The Empress of the Fescue

This is how a snake feels, awaiting the first rays of light to banish the insidious chill. This is how it will always feel, cold and alone. This is why my desperation grows–as hers must have-wild.

I purchased her at an estate sale to stand sentry against the hordes of sticky-mouthed candy-grabbers trampling my front lawn. My beautiful, winged, snarling chimera, the Empress of the Fescue.

With a childish thrill I ventured under the harvest moon to admire her fearsome grimace. Only a flattened patch of turf remained to belie her post. There was no time to gape, or wonder. She came with full fury, a winged wrecking ball to the back. I toppled forward against the dew-dampened grass, gasping for air.

Masonry talons clicked against the sidewalk. I heaved onto my back. She was there under the halo of light, waiting for my gaze to register her carven jaws stretched wide with hunger. Panic jolted my bones and I scrabbled away, clawed hands and bare feet churning the earth in desperation.
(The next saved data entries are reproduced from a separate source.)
(* Let $(H,\cdot,1,\Delta,\epsilon,S,\rightharpoonup)$ be a Yetter--Drinfeld post-Hopf algebra with subadjacent Hopf algebra $H_\rightharpoonup=(H,\bullet_\rightharpoonup,1,\Delta,\epsilon,S_\rightharpoonup)$. Then $H$, with left $H_\rightharpoonup$-action $\rightharpoonup$ and left $H_\rightharpoonup$-coaction $\mathrm{Ad}_L(a)=(a_1\bullet_\rightharpoonup S_\rightharpoonup(a_3))\otimes a_2$, is a left-left Yetter--Drinfeld module over $H_\rightharpoonup$; moreover $(H,\cdot,1,\Delta,\epsilon,S)$ is a Hopf monoid in the braided monoidal category ${}^{H_\rightharpoonup}_{H_\rightharpoonup}\mathcal{YD}$ of left-left Yetter--Drinfeld modules over $H_\rightharpoonup$. The braiding on $H\otimes H$ is $a\otimes b\mapsto \alpha_\rightharpoonup(a_1)\big(\beta_\rightharpoonup(a_3)(b)\big)\otimes a_2$.
   Context: Conventions: $\Bbbk$ is a field; algebras are associative unital, coalgebras coassociative counital; Sweedler notation $\Delta(c)=c_1\otimes c_2$ (summation omitted), iterated as $c_1\otimes c_2\otimes c_3$ etc.; $H\otimes H$ carries the tensor product coalgebra structure. Definition (Yetter--Drinfeld post-Hopf algebra). A tuple $(H,\cdot,1,\Delta,\epsilon,S,\rightharpoonup)$ where $(H,\cdot,1)$ is an algebra, $(H,\Delta,\epsilon)$ is a coalgebra on the same vector space, $S:H\to H$ is linear with $x_1\cdot S(x_2)=S(x_1)\cdot x_2=\epsilon(x)1$ for all $x$, and $\rightharpoonup:H\otimes H\to H$ is a coalgebra morphism, such that for all $x,y,z\in H$: (P1) $x\rightharpoonup(y\cdot z)=(x_1\rightharpoonup y)\cdot(x_2\rightharpoonup z)$; (P2) $x\rightharpoonup(y\rightharpoonup z)=\big(x_1\cdot(x_2\rightharpoonup y)\big)\rightharpoonup z$; (P3) the map $\alpha_\rightharpoonup:H\to\mathrm{End}(H)$, $\alpha_\rightharpoonup(x)(y)=x\rightharpoonup y$, is convolution invertible, i.e. there is $\beta_\rightharpoonup:H\to\mathrm{End}(H)$ with $\alpha_\rightharpoonup(x_1)\circ\beta_\rightharpoonup(x_2)=\beta_\rightharpoonup(x_1)\circ\alpha_\rightharpoonup(x_2)=\epsilon(x)\mathrm{Id}_H$; (P4) $\epsilon(a\cdot b)=\epsilon(a)\epsilon(b)$, $\epsilon(1)=1_\Bbbk$, $\Delta(1)=1\otimes 1$; (P5) $\Delta(x\cdot y)=\Big(x_1\cdot\alpha_\rightharpoonup(x_2)\big(\beta_\rightharpoonup(x_4)(y_1)\big)\Big)\otimes(x_3\cdot y_2)$; (P6) setting $x\bullet_\rightharpoonup y:=x_1\cdot(x_2\rightharpoonup y)$, $S_\rightharpoonup(x):=\beta_\rightharpoonup(x_1)(S(x_2))$ and $x\leftharpoonup y:=\big(S_\rightharpoonup(x_1\rightharpoonup y_1)\bullet_\rightharpoonup x_2\big)\bullet_\rightharpoonup y_2$, one has $\Delta(S_\rightharpoonup(x))=S_\rightharpoonup(x_2)\otimes S_\rightharpoonup(x_1)$ and $(x_1\rightharpoonup y_1)\otimes(x_2\leftharpoonup y_2)=(x_2\rightharpoonup y_2)\otimes(x_1\leftharpoonup y_1)$. Fact: $H_\rightharpoonup=(H,\bullet_\rightharpoonup,1,\Delta,\epsilon,S_\rightharpoonup)$ is a Hopf algebra (the subadjacent Hopf algebra). Yetter--Drinfeld modules: for a Hopf algebra $A$ with antipode $T$, a left-left Yetter--Drinfeld module is a left $A$-module $(V,\triangleright)$ and left $A$-comodule $\rho(v)=v_{-1}\otimes v_0$ with $\rho(a\triangleright v)=a_1v_{-1}T(a_3)\otimes a_2\triangleright v_0$; these form the braided monoidal category ${}^A_A\mathcal{YD}$ (diagonal action and coaction on tensor products) with braiding $\sigma(v\otimes w)=v_{-1}\triangleright w\otimes v_0$. A bimonoid in ${}^A_A\mathcal{YD}$ is an object $K$ with algebra $(m,u)$ and coalgebra $(\Delta,\epsilon)$ structures whose structure maps are module and comodule morphisms, with $\epsilon$ and $u$ compatible ($\epsilon$ multiplicative, $\epsilon(1)=1$, $\Delta(1)=1\otimes1$) and $\Delta\circ m=(m\otimes m)(\mathrm{Id}\otimes\sigma\otimes\mathrm{Id})(\Delta\otimes\Delta)$; it is a Hopf monoid if moreover $\mathrm{Id}_K$ has a convolution inverse $S_K$ (the antipode). *)

theory Defs
  imports Complex_Main
begin
lemma conjugate_of_common_factor:
  assumes "irreducible D" "prime_elem d1" "prime_elem d2"
    and "d1 dvd map_poly hom D" "d2 dvd map_poly hom D"
  shows "\<exists>j<degree q. d2 dvd map_poly (frob ^^ j) d1"
proof -
  define N where "N = (\<Prod>j<degree q. map_poly (frob ^^ j) d1)"
  have "map_poly frob N = (\<Prod>j<degree q. map_poly (frob ^^ Suc j) d1)"
    by (simp add: N_def frob.poly_hom.hom_prod map_poly_map_poly o_def)
  also have "\<dots> = N"
    unfolding N_def by (rule prod_lessThan_cyclic_shift) (simp add: funpow_frob_degree_q map_poly_idI)
  finally obtain N0 where N0: "N = map_poly hom N0"
    using frob_invariant_poly_descends by blast
  have "map_poly (frob ^^ 0) d1 dvd N"
    unfolding N_def using degree_q_pos by (intro dvd_prodI) auto
  then have "d1 dvd N"
    by simp
  then have "\<not> coprime (map_poly hom D) (map_poly hom N0)"
    using N0 assms(4) prime_elem_not_unit[OF assms(2)]
      coprime_common_divisor[of "map_poly hom D" "map_poly hom N0" d1] by auto
  then have "D dvd N0"
    using coprime_if_irreducible_not_dvd[OF assms(1), of N0] coprime_map_poly by blast
  then have "d2 dvd N"
    unfolding N0 using assms(5) poly_hom.hom_dvd dvd_trans by blast
  then show ?thesis
    unfolding N_def using prime_elem_dvd_prod[OF assms(3)] by auto
qed

lemma unique_factor_above:
  assumes "monic d" "irreducible d" "d dvd conj_factor 0"
  shows "\<exists>!D. monic D \<and> irreducible D \<and> D dvd homog_eval q g f \<and> d dvd map_poly hom D"
proof (rule ex_ex1I)
  have "conj_factor 0 dvd (\<Prod>j<degree q. conj_factor j)"
    using degree_q_pos by (intro dvd_prodI) auto
  then have "d dvd map_poly hom (homog_eval q g f)"
    unfolding map_poly_homog_eval_eq_prod_conj_factor using assms(3) by (rule dvd_trans[rotated])
  then show "\<exists>D. monic D \<and> irreducible D \<and> D dvd homog_eval q g f \<and> d dvd map_poly hom D"
    using monic_irreducible_factor_lift[OF homog_eval_nonzero field_poly_irreducible_imp_prime[OF assms(2)]]
    by blast
next
  fix D1 D2
  assume "monic D1 \<and> irreducible D1 \<and> D1 dvd homog_eval q g f \<and> d dvd map_poly hom D1"
    and "monic D2 \<and> irreducible D2 \<and> D2 dvd homog_eval q g f \<and> d dvd map_poly hom D2"
  then show "D1 = D2"
    using irreducible_not_unit[OF assms(2)]
    by (intro monic_irreducible_eq_of_common_factor[of D1 D2 d]) auto
qed

lemma unique_factor_below:
  assumes "monic D" "irreducible D" "D dvd homog_eval q g f"
  shows "\<exists>!d. monic d \<and> irreducible d \<and> d dvd conj_factor 0 \<and> d dvd map_poly hom D"
proof (rule ex_ex1I)
  have "degree (map_poly hom D) > 0"
    using degree_pos_if_irreducible[OF assms(2)] by simp
  then obtain e r where "irreducible e" "monic e" "map_poly hom D = e * r"
    using irreducible_monic_factor by blast
  then have e: "irreducible e" "monic e" "e dvd map_poly hom D"
    by simp_all
  have "e dvd (\<Prod>j<degree q. conj_factor j)"
    unfolding map_poly_homog_eval_eq_prod_conj_factor[symmetric]
    using e(3) poly_hom.hom_dvd[OF assms(3)] by (rule dvd_trans)
  then obtain j where j: "j < degree q" "e dvd conj_factor j"
    using prime_elem_dvd_prod[OF field_poly_irreducible_imp_prime[OF e(1)]] by auto
  define k where "k = degree q - j"
  have "map_poly (frob ^^ k) e dvd conj_factor 0"
    using frob_iter.poly_hom.hom_dvd[OF j(2), of k] j(1)
    by (simp add: map_poly_funpow_frob_conj_factor k_def conj_factor_degree_q)
  moreover have "map_poly (frob ^^ k) e dvd map_poly hom D"
    using frob_iter.poly_hom.hom_dvd[OF e(3), of k] by simp
  moreover have "degree (map_poly (frob ^^ k) e) > 0"
    using degree_pos_if_irreducible[OF e(1)] by simp
  then obtain d r' where "irreducible d" "monic d" "map_poly (frob ^^ k) e = d * r'"
    using irreducible_monic_factor by blast
  ultimately show "\<exists>d. monic d \<and> irreducible d \<and> d dvd conj_factor 0 \<and> d dvd map_poly hom D"
    using dvd_trans[of d "map_poly (frob ^^ k) e"] by auto
next
  fix d1 d2
  assume d1: "monic d1 \<and> irreducible d1 \<and> d1 dvd conj_factor 0 \<and> d1 dvd map_poly hom D"
    and d2: "monic d2 \<and> irreducible d2 \<and> d2 dvd conj_factor 0 \<and> d2 dvd map_poly hom D"
  obtain j where j: "j < degree q" "d2 dvd map_poly (frob ^^ j) d1"
    using conjugate_of_common_factor[OF assms(2)] d1 d2 field_poly_irreducible_imp_prime by blast
  have "map_poly (frob ^^ j) d1 dvd conj_factor j"
    using frob_iter.poly_hom.hom_dvd[of d1 "conj_factor 0" j] d1
    by (simp add: map_poly_funpow_frob_conj_factor)
  then have "d2 dvd conj_factor j"
    using j(2) by (rule dvd_trans[rotated])
  have "j = 0"
  proof (rule ccontr)
    assume "j \<noteq> 0"
    then have "coprime (conj_factor 0) (conj_factor j)"
      using j(1) degree_q_pos by (intro coprime_conj_factor) auto
    moreover have "d2 dvd conj_factor 0"
      using d2 by simp
    ultimately have "is_unit d2"
      using \<open>d2 dvd conj_factor j\<close> by (rule coprime_common_divisor)
    then show False
      using d2 irreducible_not_unit by blast
  qed
  then show "d1 = d2"
    using j(2) d1 d2 irreducible\<^sub>d_dvd_eq[of d2 d1] by simp
qed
The grass was slick. I was slow.

Her terrible weight prematurely expelled the last of my breaths. That gaping mouth sucked deep into my own. I struggled to stay inside, but there was nothing to hold onto, no anchor to cast.

I pushed myself up with shaking arms.

Not me.

She, wearing me.

I fit her like a well-made suit, and she smiled. She did a small dance of joy, cavorting out of view as she tried her new legs. My head could not turn to follow. Cast in a haze of gray, my world contracted to a narrow strip of grass, a patch of siding, and my living room window.

It aches, sitting here with my knees hunched around my chin. A spider has built a web in the crevice of my right ear. The grass is cold against my immovable hide and I spend the long dark wishing for the following day to come without rain or clouds so I might briefly remember warmth.

I catch snippets of her through the window, clips from a movie I will never see. She seems happy. And why shouldn’t she be? She has it all: my life, my husband, my flesh. And she has me, her Empress of the Fescue.